EXERCISE AIM → A single number is needed: how many lines of the data below contain "cases".

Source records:

⁂

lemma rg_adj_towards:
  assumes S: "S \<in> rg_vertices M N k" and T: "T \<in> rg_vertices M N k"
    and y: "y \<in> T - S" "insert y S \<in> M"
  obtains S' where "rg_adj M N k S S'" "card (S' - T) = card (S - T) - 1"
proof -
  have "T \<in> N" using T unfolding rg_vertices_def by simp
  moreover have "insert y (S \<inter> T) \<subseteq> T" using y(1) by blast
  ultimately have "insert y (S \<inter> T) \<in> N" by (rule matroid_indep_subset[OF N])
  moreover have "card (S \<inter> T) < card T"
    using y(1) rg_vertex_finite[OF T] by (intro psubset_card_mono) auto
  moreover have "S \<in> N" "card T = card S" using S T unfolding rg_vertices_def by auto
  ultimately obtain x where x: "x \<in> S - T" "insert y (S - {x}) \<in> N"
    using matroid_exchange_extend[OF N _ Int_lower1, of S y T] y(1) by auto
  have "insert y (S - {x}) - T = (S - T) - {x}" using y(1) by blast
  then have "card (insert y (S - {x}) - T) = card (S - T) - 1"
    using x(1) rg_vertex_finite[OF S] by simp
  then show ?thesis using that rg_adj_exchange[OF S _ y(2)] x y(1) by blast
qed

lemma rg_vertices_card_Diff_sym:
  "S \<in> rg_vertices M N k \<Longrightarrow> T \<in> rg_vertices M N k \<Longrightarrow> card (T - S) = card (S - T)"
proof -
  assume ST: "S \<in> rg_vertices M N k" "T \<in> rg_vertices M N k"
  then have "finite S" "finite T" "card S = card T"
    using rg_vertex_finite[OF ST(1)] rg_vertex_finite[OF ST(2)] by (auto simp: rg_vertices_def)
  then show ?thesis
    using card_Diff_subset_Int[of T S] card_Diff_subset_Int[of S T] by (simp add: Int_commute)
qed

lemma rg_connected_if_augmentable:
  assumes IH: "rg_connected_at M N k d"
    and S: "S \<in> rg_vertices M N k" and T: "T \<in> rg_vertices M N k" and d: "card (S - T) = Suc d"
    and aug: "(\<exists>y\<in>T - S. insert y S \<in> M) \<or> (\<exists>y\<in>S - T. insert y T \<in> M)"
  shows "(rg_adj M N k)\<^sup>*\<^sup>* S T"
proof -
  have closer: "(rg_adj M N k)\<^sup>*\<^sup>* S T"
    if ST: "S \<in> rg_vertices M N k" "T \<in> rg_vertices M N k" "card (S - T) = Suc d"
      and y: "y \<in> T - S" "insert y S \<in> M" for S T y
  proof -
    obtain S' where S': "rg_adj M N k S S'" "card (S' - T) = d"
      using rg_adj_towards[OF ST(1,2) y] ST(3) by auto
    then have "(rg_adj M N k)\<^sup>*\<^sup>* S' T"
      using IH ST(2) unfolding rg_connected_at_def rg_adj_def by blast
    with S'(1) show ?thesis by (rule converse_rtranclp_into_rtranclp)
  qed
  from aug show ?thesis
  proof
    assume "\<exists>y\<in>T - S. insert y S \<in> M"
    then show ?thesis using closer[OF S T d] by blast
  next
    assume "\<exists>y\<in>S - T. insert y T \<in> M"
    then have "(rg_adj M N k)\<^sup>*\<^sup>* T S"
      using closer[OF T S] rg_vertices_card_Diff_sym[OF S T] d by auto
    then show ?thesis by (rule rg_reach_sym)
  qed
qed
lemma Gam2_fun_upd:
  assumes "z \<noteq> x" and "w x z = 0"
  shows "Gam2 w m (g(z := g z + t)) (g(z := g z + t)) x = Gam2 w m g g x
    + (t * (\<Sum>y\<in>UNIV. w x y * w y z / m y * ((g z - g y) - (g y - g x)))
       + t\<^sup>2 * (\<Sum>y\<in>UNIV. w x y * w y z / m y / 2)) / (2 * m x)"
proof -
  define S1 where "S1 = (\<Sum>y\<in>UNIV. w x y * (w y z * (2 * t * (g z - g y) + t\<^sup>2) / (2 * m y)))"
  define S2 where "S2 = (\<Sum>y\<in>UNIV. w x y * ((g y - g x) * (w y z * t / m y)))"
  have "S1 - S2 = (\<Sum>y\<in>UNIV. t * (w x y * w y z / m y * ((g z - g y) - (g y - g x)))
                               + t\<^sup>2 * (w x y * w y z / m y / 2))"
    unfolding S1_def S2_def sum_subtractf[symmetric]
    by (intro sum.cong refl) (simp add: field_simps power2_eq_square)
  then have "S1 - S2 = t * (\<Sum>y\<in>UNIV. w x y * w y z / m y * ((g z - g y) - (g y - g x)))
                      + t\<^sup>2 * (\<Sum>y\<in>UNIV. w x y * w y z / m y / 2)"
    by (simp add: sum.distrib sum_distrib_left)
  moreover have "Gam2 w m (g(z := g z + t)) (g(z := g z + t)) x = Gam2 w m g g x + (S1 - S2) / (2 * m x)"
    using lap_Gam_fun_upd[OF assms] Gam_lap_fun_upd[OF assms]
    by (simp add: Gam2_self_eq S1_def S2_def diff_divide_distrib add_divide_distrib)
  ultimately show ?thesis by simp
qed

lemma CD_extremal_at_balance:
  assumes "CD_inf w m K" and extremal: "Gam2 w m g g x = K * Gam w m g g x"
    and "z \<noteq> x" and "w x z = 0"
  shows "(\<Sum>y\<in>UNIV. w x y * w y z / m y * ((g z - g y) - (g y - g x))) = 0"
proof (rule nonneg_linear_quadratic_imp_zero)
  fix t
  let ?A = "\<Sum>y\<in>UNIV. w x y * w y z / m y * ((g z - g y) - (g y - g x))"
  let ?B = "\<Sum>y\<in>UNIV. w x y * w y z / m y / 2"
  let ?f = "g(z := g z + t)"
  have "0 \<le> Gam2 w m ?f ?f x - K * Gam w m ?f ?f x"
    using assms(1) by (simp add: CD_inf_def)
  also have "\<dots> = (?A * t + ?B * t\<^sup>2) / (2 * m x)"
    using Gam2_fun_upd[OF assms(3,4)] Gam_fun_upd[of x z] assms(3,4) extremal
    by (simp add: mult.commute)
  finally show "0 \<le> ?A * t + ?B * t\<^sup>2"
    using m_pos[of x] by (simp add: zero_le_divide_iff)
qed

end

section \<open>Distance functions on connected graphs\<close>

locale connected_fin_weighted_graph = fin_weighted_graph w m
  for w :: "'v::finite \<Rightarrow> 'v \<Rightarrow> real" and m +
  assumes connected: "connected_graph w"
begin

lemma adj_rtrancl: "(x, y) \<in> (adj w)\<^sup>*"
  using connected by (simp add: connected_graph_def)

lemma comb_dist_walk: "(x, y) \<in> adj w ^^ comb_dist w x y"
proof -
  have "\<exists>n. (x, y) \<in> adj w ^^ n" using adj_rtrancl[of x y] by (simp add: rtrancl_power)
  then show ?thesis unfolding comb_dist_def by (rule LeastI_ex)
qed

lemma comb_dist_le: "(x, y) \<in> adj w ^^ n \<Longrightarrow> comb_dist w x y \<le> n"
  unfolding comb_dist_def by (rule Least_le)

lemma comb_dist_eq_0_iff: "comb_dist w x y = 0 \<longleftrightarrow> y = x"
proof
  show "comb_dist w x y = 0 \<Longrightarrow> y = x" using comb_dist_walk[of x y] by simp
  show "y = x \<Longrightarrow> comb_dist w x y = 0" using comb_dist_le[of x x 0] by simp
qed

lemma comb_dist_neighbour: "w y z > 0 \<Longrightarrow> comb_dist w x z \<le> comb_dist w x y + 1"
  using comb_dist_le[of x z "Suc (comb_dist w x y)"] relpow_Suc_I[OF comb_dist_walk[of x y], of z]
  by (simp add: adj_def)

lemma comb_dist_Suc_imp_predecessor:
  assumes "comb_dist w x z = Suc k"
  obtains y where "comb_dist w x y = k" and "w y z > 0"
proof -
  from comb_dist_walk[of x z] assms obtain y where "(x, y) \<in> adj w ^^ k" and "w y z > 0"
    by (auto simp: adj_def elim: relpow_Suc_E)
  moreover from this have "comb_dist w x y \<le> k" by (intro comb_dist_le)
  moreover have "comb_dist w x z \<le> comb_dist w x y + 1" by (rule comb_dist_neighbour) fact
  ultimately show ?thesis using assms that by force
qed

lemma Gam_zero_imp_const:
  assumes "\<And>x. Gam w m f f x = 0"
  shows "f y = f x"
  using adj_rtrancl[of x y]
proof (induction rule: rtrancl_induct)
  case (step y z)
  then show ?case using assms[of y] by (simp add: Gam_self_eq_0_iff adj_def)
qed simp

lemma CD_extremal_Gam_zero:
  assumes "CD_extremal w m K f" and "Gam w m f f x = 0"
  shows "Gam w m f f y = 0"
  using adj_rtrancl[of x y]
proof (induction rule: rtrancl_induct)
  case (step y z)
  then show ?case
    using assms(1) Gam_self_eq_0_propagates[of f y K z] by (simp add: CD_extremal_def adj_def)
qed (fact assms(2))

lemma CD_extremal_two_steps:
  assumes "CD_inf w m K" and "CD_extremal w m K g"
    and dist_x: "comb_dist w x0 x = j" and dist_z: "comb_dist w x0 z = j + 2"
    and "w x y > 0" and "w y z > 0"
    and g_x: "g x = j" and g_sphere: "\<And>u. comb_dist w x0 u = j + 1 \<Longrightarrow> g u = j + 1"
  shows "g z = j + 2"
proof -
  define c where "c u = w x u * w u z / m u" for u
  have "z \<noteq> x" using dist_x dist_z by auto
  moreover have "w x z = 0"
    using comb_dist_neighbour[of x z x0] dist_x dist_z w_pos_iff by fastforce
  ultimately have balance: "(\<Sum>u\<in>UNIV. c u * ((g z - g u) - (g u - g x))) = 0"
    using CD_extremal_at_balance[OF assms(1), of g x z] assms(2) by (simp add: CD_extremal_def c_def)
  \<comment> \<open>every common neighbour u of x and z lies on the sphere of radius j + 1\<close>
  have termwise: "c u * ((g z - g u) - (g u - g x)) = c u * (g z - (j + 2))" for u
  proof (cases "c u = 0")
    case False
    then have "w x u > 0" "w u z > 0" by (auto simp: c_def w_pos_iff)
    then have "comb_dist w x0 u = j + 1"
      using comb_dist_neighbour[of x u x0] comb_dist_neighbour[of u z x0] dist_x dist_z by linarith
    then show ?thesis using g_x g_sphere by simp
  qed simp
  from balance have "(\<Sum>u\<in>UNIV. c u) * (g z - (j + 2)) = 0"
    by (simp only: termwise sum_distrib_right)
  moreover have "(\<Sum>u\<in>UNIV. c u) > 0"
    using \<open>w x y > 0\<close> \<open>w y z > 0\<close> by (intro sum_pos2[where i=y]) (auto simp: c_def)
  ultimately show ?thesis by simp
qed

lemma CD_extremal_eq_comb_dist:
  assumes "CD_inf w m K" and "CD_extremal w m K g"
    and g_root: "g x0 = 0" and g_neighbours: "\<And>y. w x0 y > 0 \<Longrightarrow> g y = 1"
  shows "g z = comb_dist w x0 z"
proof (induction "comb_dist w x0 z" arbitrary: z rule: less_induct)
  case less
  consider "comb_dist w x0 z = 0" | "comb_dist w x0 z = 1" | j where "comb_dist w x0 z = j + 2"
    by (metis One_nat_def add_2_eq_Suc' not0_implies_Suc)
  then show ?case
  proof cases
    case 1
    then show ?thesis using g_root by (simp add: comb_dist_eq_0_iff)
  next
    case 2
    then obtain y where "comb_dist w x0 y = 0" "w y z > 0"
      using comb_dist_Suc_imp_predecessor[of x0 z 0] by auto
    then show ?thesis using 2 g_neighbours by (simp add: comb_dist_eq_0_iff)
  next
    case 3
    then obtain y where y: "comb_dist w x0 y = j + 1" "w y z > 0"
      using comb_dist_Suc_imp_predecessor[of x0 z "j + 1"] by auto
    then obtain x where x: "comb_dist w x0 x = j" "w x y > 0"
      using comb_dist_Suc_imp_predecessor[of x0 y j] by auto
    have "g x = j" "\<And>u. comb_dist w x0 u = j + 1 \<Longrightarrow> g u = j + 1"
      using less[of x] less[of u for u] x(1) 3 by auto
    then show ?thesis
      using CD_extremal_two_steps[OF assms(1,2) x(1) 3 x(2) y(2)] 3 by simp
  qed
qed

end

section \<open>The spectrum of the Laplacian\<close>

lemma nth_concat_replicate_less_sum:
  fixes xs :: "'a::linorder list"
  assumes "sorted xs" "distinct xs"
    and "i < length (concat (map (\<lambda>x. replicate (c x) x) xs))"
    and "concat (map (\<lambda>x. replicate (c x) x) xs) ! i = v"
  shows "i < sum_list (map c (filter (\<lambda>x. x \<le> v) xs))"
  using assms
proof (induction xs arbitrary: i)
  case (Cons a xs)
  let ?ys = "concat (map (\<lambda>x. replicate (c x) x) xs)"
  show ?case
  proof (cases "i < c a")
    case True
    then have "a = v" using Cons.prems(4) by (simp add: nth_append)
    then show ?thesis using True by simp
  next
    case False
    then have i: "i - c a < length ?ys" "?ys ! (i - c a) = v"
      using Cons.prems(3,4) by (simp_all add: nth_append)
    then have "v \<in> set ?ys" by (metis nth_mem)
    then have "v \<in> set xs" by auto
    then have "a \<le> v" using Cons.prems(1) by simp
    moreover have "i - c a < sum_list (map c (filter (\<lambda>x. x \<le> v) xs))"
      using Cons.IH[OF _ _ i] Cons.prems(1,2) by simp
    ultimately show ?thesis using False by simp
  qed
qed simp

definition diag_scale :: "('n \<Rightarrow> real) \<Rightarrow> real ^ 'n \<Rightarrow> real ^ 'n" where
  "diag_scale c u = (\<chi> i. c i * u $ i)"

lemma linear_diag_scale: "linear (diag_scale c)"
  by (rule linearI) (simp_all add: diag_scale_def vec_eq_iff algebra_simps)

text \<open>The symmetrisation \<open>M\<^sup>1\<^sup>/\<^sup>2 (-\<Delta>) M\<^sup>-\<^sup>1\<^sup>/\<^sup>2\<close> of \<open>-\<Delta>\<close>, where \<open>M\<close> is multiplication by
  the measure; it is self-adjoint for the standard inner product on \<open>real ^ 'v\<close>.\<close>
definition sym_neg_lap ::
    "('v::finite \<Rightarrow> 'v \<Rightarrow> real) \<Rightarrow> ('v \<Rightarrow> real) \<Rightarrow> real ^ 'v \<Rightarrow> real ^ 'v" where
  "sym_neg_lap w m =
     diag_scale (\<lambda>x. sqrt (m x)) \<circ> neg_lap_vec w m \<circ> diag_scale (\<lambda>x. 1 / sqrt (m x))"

⁂

WRITTEN SOLUTION → 3